# New A6 owner here :)



## Crass! (Dec 17, 2001)

Thats my wife's A4 in the background - just traded that in for a BMW X3 too








2004 A6 2.7t S-Line



Got plans....


----------



## Massboykie (Aug 15, 2006)

*Re: New A6 owner here  (Crass!)*

Welcome! Sweet ride! S4 Wheels look good on there!
Manual or auto?
Cheers
Massboykie


----------



## TwinTurboJD (Feb 27, 2007)

*Re: New A6 owner here  (Crass!)*

Awesome car man, I love the Rear spoiler and those rims are stylin' n' profilin' (how much $$$ did those rims run you?)








....but I gotta say I hate you because you live in Hawaii, lucky stiff!
ha cheers on the new car and I hope you enjoy it!


----------



## Crass! (Dec 17, 2001)

*Re: New A6 owner here  (Massboykie)*


_Quote, originally posted by *Massboykie* »_Welcome! Sweet ride! S4 Wheels look good on there!
Manual or auto?
Cheers
Massboykie


I looked for a manual but there were none with my age/mileage requirements so this is the tiptronic. The s line has a "sport" tiptronic mode that shifts later and puts more emphasis on quick acceleration. Needs a chip though


----------



## Crass! (Dec 17, 2001)

*Re: New A6 owner here  (TwinTurboJD)*


_Quote, originally posted by *TwinTurboJD* »_Awesome car man, I love the Rear spoiler and those rims are stylin' n' profilin' (how much $$$ did those rims run you?)








....but I gotta say I hate you because you live in Hawaii, lucky stiff!
ha cheers on the new car and I hope you enjoy it!









The rims came on the car when I bought it.
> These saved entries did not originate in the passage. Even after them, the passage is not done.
(* Consider the one-time data acquisition setting with $\Theta\subseteq\mathbb{R}^m$ in which the analyst uses an exponential family model with conjugate prior, as described in the context, and Mechanism 1 run with budget $B$ and constants $L<R$ bounding $\log PMI$. Then Mechanism 1 is sensitive if and only if for every provider $i$ and any parameters $(\nu_i',\bar\tau_i')\ne(\nu_i,\bar\tau_i)$ we have $\Pr_{D_{-i}}\left[h_{D_{-i}}(\nu_i',\bar\tau_i')\ne h_{D_{-i}}(\nu_i,\bar\tau_i)\right]>0$.
   Context: There are $n$ data providers; provider $i$ holds dataset $D_i$ whose points are i.i.d. conditioned on an unknown $\theta\in\Theta\subseteq\mathbb{R}^m$; datasets are independent conditioned on $\theta$; $D_{-i}$ denotes the datasets of all providers except $i$. The likelihood is in an exponential family $p(x\mid\theta)=h(x)\exp[\theta^T\phi(x)-A(\theta)]$ and the analyst uses the conjugate family $\mathcal{P}(\theta\mid\nu,\bar\tau)=g(\nu,\bar\tau)\exp[\nu\theta^T\bar\tau-\nu A(\theta)]$, so that $p(\theta)=\mathcal{P}(\theta\mid\nu_0,\bar\tau_0)$, $p(\theta\mid D_i)=\mathcal{P}(\theta\mid\nu_i,\bar\tau_i)$ and $p(\theta\mid D_{-i})=\mathcal{P}(\theta\mid\nu_{-i},\bar\tau_{-i})$. Define $h_{D_{-i}}(\nu_i,\bar\tau_i)=\dfrac{g(\nu_i,\bar\tau_i)}{g\left(\nu_i+\nu_{-i}-\nu_0,\ \frac{\nu_i\bar\tau_i+\nu_{-i}\bar\tau_{-i}-\nu_0\bar\tau_0}{\nu_i+\nu_{-i}-\nu_0}\right)}$. Define $PMI(D_i,D_{-i})=\int_\Theta\frac{p(\theta\mid D_i)p(\theta\mid D_{-i})}{p(\theta)}d\theta$ and $\mathbb{D}_i(D_{-i})=\{D_i:PMI(D_i,D_{-i})>0\}$. Mechanism 1 (with budget $B$ and constants $L<R$ such that $L\le\log PMI(D_i,D_{-i})\le R$ whenever $PMI>0$): providers report $\tilde D_1,\dots,\tilde D_n$; provider $i$ is paid $\frac{B}{n}\cdot\frac{\log PMI(\tilde D_i,\tilde D_{-i})-L}{R-L}$ if $\tilde D_i\in\mathbb{D}_i(\tilde D_{-i})$ and $0$ otherwise. A payment rule $r$ is sensitive if for every provider $i$ and every realization $D_i$, whenever every other provider $j\ne i$ reports a dataset $\tilde D_j(D_j)$ with $p(\theta\mid\tilde D_j(D_j))=p(\theta\mid D_j)$, we have (1) reporting $D_i$ maximizes $\mathbb{E}_{D_{-i}\sim p(D_{-i}\mid D_i)}[r_i(\cdot,\tilde D_{-i}(D_{-i}))]$ over all reports, and (2) reporting any $D_i'$ with $p(\theta\mid D_i')\ne p(\theta\mid D_i)$ gives strictly smaller expected payment than reporting any $\tilde D_i$ with $p(\theta\mid\tilde D_i)=p(\theta\mid D_i)$. *)

theory Defs
  imports "HOL-Probability.Probability"
begin

text \<open>Data points live in the measurable space Xsp (with base
measure Xsp for the likelihood density), the parameter theta ranges over
Theta, a subset of R^m (type real^m), integrals over Theta are w.r.t. Lebesgue measure.
Provider j (j < nprov) holds a dataset of Nsz j points.\<close>

record ('x, 'm::finite) emodel =
  Xsp   :: "'x measure"
  hb    :: "'x \<Rightarrow> real"
  phi   :: "'x \<Rightarrow> real^'m"
  Apart :: "real^'m \<Rightarrow> real"
  Theta :: "(real^'m) set"
  nu0   :: real
  tau0  :: "real^'m"
  nprov :: nat
  Nsz   :: "nat \<Rightarrow> nat"

definition lik :: "('x,'m::finite) emodel \<Rightarrow> real^'m \<Rightarrow> 'x \<Rightarrow> real" where
  "lik M \<theta> x = hb M x * exp (\<theta> \<bullet> phi M x - Apart M \<theta>)"

definition conj_kernel :: "('x,'m::finite) emodel \<Rightarrow> real \<Rightarrow> real^'m \<Rightarrow> real^'m \<Rightarrow> real" where
  "conj_kernel M \<nu> \<tau> \<theta> = exp (\<nu> * (\<theta> \<bullet> \<tau>) - \<nu> * Apart M \<theta>)"

definition gnorm :: "('x,'m::finite) emodel \<Rightarrow> real \<Rightarrow> real^'m \<Rightarrow> real" where
  "gnorm M \<nu> \<tau> = 1 / (LINT \<theta>:Theta M|lborel. conj_kernel M \<nu> \<tau> \<theta>)"

definition conj :: "('x,'m::finite) emodel \<Rightarrow> real \<Rightarrow> real^'m \<Rightarrow> real^'m \<Rightarrow> real" where
  "conj M \<nu> \<tau> \<theta> = gnorm M \<nu> \<tau> * conj_kernel M \<nu> \<tau> \<theta>"

text \<open>Posterior parameters (nu_D, tau_D) of a dataset D (standard conjugate update),
so that p(theta | D) = P(theta | nu_D, tau_D); the empty dataset gives the prior.\<close>
definition nu_of :: "('x,'m::finite) emodel \<Rightarrow> 'x list \<Rightarrow> real" where
  "nu_of M xs = nu0 M + real (length xs)"

definition tau_of :: "('x,'m::finite) emodel \<Rightarrow> 'x list \<Rightarrow> real^'m" where
  "tau_of M xs = (1 / nu_of M xs) *\<^sub>R (nu0 M *\<^sub>R tau0 M + sum_list (map (phi M) xs))"

definition params :: "('x,'m::finite) emodel \<Rightarrow> 'x list \<Rightarrow> real \<times> (real^'m)" where
  "params M xs = (nu_of M xs, tau_of M xs)"

definition post :: "('x,'m::finite) emodel \<Rightarrow> 'x list \<Rightarrow> real^'m \<Rightarrow> real" where
  "post M xs = conj M (nu_of M xs) (tau_of M xs)"

definition prior :: "('x,'m::finite) emodel \<Rightarrow> real^'m \<Rightarrow> real" where
  "prior M = conj M (nu0 M) (tau0 M)"

text \<open>Pointwise mutual information PMI(D_i, D_{-i}); the datasets of the other providers
enter only through their union (the concatenation), whose posterior is p(theta | D_{-i}).\<close>
definition PMI :: "('x,'m::finite) emodel \<Rightarrow> 'x list \<Rightarrow> 'x list \<Rightarrow> real" where
  "PMI M xs ys = (LINT \<theta>:Theta M|lborel. post M xs \<theta> * post M ys \<theta> / prior M \<theta>)"

definition hfun :: "('x,'m::finite) emodel \<Rightarrow> 'x list \<Rightarrow> real \<times> (real^'m) \<Rightarrow> real" where
  "hfun M ys p =
     (let \<nu> = fst p; \<tau> = snd p; \<nu>m = nu_of M ys; \<tau>m = tau_of M ys;
          \<nu>c = \<nu> + \<nu>m - nu0 M
      in gnorm M \<nu> \<tau> /
         gnorm M \<nu>c ((1 / \<nu>c) *\<^sub>R (\<nu> *\<^sub>R \<tau> + \<nu>m *\<^sub>R \<tau>m - nu0 M *\<^sub>R tau0 M)))"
The previous owner slapped them on there and I didn't say anything about it cause I LIKE S4 wheels
and yeah hawaii's a bit nice








BTW what are some common mods/fixes on these cars? Like the 1.8t with their green top coolant sensors replacing the originals...?


_Modified by Crass! at 8:13 AM 3-21-2007_


----------